Cálculo esclarece sobre comércio internacional
e uso sustentável da água como commodity
Através do cálculo da quantidade de água
que se utiliza para a produção de commodities
(água virtual), pesquisadores do Núcleo de Estudos
de População (Nepo), da Unicamp, podem entender
melhor como funciona o comércio internacional entre os
países que possuem escassez e os que possuem abundância
de recursos hídricos. Trata-se de uma perspectiva inédita
no gerenciamento de recursos hídricos que foi publicada
no artigo Água Virtual: O Brasil como grande exportador
de recursos hídricos, apresentado no XVI Simpósio
Brasileiro de Recursos Hídricos, que aconteceu no final
do ano passado em João Pessoa, na Paraíba.
A
partir desse conceito, os pesquisadores sabem o quanto de água
virtual os países exportam ou importam e encontrar maneiras
sustentáveis da utilização deste recurso.

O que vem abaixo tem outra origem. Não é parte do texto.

lemma prod_indicator_cylinder:
  assumes "finite J"
  shows "(\<Prod>j\<in>J. indicator (X j) (x j) :: complex) = indicator {x. \<forall>j\<in>J. x j \<in> X j} x"
proof (cases "\<forall>j\<in>J. x j \<in> X j")
  case False
  then obtain j where "j \<in> J" "x j \<notin> X j"
    by auto
  with assms False show ?thesis
    by (auto simp: indicator_def prod_zero_iff)
qed (simp add: indicator_def)

lemma indicator_mult_seq_char_eq_prod:
  assumes "finite J" "char_support c \<subseteq> {L..L + int T}" "J \<subseteq> {L..L + int T}"
  shows "indicator {x. \<forall>j\<in>J. x j \<in> X j} x * seq_char c x
           = (\<Prod>i\<le>T. cylinder_char_factor c J X (L + int i) (x (L + int i)))"
proof -
  have "(\<Prod>i\<le>T. cylinder_char_factor c J X (L + int i) (x (L + int i)))
      = (\<Prod>i\<le>T. if L + int i \<in> char_support c then c (L + int i) (x (L + int i)) else 1)
        * (\<Prod>i\<le>T. if L + int i \<in> J then indicator (X (L + int i)) (x (L + int i)) else 1)"
    unfolding cylinder_char_factor_def by (rule prod.distrib)
  also have "\<dots> = seq_char c x * (\<Prod>j\<in>J. indicator (X j) (x j))"
    unfolding prod_window[OF assms(2), of "\<lambda>j. c j (x j)"]
      prod_window[OF assms(3), of "\<lambda>j. indicator (X j) (x j)"]
    by (simp add: seq_char_def)
  finally show ?thesis
    by (simp add: prod_indicator_cylinder[OF assms(1)])
qed

lemma norm_cylinder_char_factor_le:
  "(\<And>n. character (c n)) \<Longrightarrow> cmod (cylinder_char_factor c J X j a) \<le> 1"
  by (simp add: cylinder_char_factor_def norm_mult character_norm indicator_def)

lemma char_rank_le_card_cancelling_sites:
  fixes c :: "int \<Rightarrow> 'a::{finite,ab_group_add} \<Rightarrow> complex"
  assumes J: "finite J" and c: "\<And>n. character (c n)"
    and inside: "\<And>j. j \<in> char_support c \<union> J \<Longrightarrow> L < j \<and> j < L + int T"
  shows "char_rank c - card J
           \<le> card {i. 0 < i \<and> i < T \<and> (\<Sum>b\<in>UNIV. cylinder_char_factor c J X (L + int i) b) = 0}"
    (is "_ \<le> card ?Z")
proof -
  have "char_support c - J \<subseteq> (\<lambda>i. L + int i) ` ?Z"
  proof
    fix j
    assume j: "j \<in> char_support c - J"
    define i where "i = nat (j - L)"
    have "j = L + int i" "0 < i" "i < T"
      using inside[of j] j by (auto simp: i_def)
    moreover have "(\<Sum>b\<in>UNIV. cylinder_char_factor c J X j b) = 0"
      using j c character_sum_eq_zero[of "c j"]
      by (simp add: cylinder_char_factor_def char_support_def)
    ultimately show "j \<in> (\<lambda>i. L + int i) ` ?Z"
      by auto
  qed
  moreover have "finite ?Z"
    by (rule finite_subset[of _ "{..<T}"]) auto
  ultimately have "card (char_support c - J) \<le> card ((\<lambda>i. L + int i) ` ?Z)"
    by (intro card_mono finite_imageI)
  also have "\<dots> \<le> card ?Z"
    by (rule card_image_le[OF \<open>finite ?Z\<close>])
  finally have "card (char_support c - J) \<le> card ?Z" .
  then show ?thesis
    using diff_card_le_card_Diff[OF J, of "char_support c"] by (simp add: char_rank_def)
qed
lemma set_integral_exp_neg_sqrt_le:
  fixes c T :: real
  assumes "c > 0" and "T > 0"
  shows "(LINT r:{0<..<T}|lborel. exp (- (c * sqrt r))) \<le> 2 / c\<^sup>2"
proof -
  define F where "F r = - 2 * (c * sqrt r + 1) * exp (- (c * sqrt r)) / c\<^sup>2" for r
  have "DERIV F r :> exp (- (c * sqrt r))" if "r > 0" for r
    unfolding F_def using that \<open>c > 0\<close>
    by (auto intro!: derivative_eq_intros) (simp add: field_simps power2_eq_square power4_eq_xxxx)
  moreover have "isCont F r" for r
    unfolding F_def using \<open>c > 0\<close> by (intro continuous_intros) auto
  moreover have "isCont (\<lambda>r. exp (- (c * sqrt r))) r" for r
    by (intro continuous_intros)
  ultimately have "(LINT r:{0<..<T}|lborel. exp (- (c * sqrt r))) = F T - F 0"
    using \<open>T > 0\<close> by (intro set_integral_Ioo_FTC_nonneg(2)) auto
  also have "\<dots> \<le> 2 / c\<^sup>2"
    unfolding F_def using assms by (simp add: field_simps)
  finally show ?thesis .
qed

lemma set_integral_exp_neg_le:
  fixes b T :: real
  assumes "b > 0" and "T > 0"
  shows "set_integrable lborel {0<..<T} (\<lambda>r. exp (- (b * r)))"
    and "(LINT r:{0<..<T}|lborel. exp (- (b * r))) \<le> 1 / b"
proof -
  define F where "F r = - exp (- (b * r)) / b" for r
  have "DERIV F r :> exp (- (b * r))" for r
    unfolding F_def using \<open>b > 0\<close> by (auto intro!: derivative_eq_intros)
  moreover have "isCont F r" for r
    unfolding F_def using \<open>b > 0\<close> by (intro continuous_intros) auto
  moreover have "isCont (\<lambda>r. exp (- (b * r))) r" for r
    by (intro continuous_intros)
  ultimately have integrable: "set_integrable lborel {0<..<T} (\<lambda>r. exp (- (b * r)))"
    and integral: "(LINT r:{0<..<T}|lborel. exp (- (b * r))) = F T - F 0"
    using \<open>T > 0\<close> by (auto intro!: set_integral_Ioo_FTC_nonneg)
  show "set_integrable lborel {0<..<T} (\<lambda>r. exp (- (b * r)))"
    by (fact integrable)
  have "F T - F 0 \<le> 1 / b"
    unfolding F_def using assms by (simp add: field_simps)
  with integral show "(LINT r:{0<..<T}|lborel. exp (- (b * r))) \<le> 1 / b"
    by simp
qed

lemma set_integral_mono_majorant:
  fixes f g :: "'a \<Rightarrow> real"
  assumes "set_integrable M A g"
    and "\<And>x. x \<in> A \<Longrightarrow> f x \<le> g x" and "\<And>x. x \<in> A \<Longrightarrow> 0 \<le> g x"
  shows "(LINT x:A|M. f x) \<le> (LINT x:A|M. g x)"
  using assms unfolding set_integrable_def set_lebesgue_integral_def
  by (intro integral_mono') (auto split: split_indicator)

Segundo Roberto Luiz do Carmo, pesquisador do Nepo, sociólogo
e doutor em demografia, o Brasil é um grande exportador
de água virtual através da soja e da carne bovina.
Em média, cada quilo de soja exige dois mil litros de água
para ser produzido. Já o quilo da carne bovina exige 43
mil litros de água. Neste cálculo entram não
só a água consumida diretamente pelo animal, que
varia de 50 a 60 litros por dia, mas também a água
utilizada na produção da alimentação
do gado.
Carmo
lembra que o Brasil é o segundo maior país detentor
de água doce do mundo, atrás somente do Canadá,
e por isso é lógico que utilize economicamente este
recurso. A questão levantada pelo sociólogo é
sobre a sustentabilidade a médio e longo prazo desse processo.
“A expansão da produção de soja na
Amazônia, por exemplo, traz conseqüências tanto
sociais como ambientais”, diz. Além do desmatamento,
a expansão da soja pode comprometer as fontes de água
doce e ainda desarticula os pequenos agricultores que são
incorporados pelos grandes latifúndios e se vêem
obrigados a ir para os centros urbanos.
Dados
do Ministério do Desenvolvimento, Indústria e Comércio
Exterior indicam que a exportação de água
virtual vem crescendo ao longo dos últimos anos. Em 2002,
o país exportou 52,2 bilhões de metros cúbicos
(m3) de água virtual, em 2003 foram 65,5 bilhões
m3 e no ano seguinte este número subiu para 73,8 bilhões.
A pesquisa aponta para o fato de que a agricultura consome 60%
do total de água utilizada no país, mais do que
o consumo industrial e doméstico juntos.
O
Instituto para a Educação da Água da Unesco
e o World Water Council alegam que a política
de comércio de água virtual alivia a pressão
sobre os países que possuem poucos recursos hídricos,
mas este comércio deve vir acompanhado de uma política
de conscientização para o uso de produtos que demandem
uma quantidade menor de água.
O
consumo de produtos que necessitam de muita água para sua
produção é alto no mundo, como por exemplo,
a soja e o arroz. Já os produtos como o milho e a batata,
que necessitam de menos água para produção,
são menos consumidos. Carmo argumenta que uma das saídas
para um planejamento sustentável da utilização
de recursos hídricos é a reestruturação
do cardápio. A própria globalização
traz aspectos negativos nesse sentido, “a disseminação
da comida tipo fast food, baseada em hambúrguer
e refrigerante (produtos que demandam muita água para a
produção), não é boa do ponto de vista
do gerenciamento dos recursos hídricos”, diz o pesquisador
Outra
saída para a sustentabilidade é o planejamento da
agricultura. Isso significa que a agroindústria não
deve somente se preocupar com lucro a curto prazo, como é
o caso das plantações de soja na Amazônia.
A longo prazo as conseqüências são a escassez
de recursos hídricos e a depredação da biodiversidade.
Roberto Carmo afirma ainda que o Estado deve estabelecer um planejamento
para uma exploração racional desses recursos.
A
pesquisa levanta também a questão da segurança
hídrica, que é o mínimo de água que
cada cidadão precisa diariamente. A ONU estabelece que
este mínimo é de 100 litros por dia, mas o consumo
médio no mundo varia de 50 a 150 litros ao dia. Esse número,
no entanto, é polêmico: “em uma cidade grande
com água encanada é difícil fazer esse cálculo
e em muitos casos o consumo de água diário supera
os 150 litros”, diz o pesquisador. Além disso, o
consumo varia de acordo com a disponibilidade de água de
cada país.
A
segunda etapa da pesquisa começa este ano e se divide em
duas frentes: em um primeiro momento os pesquisadores vão
estudar o destino da soja que é exportada e qual a implicação
direta na eficiência dos recursos hídricos; a segunda
parte é o estudo da plantação de eucaliptos
no cerrado, região que possui pouca água.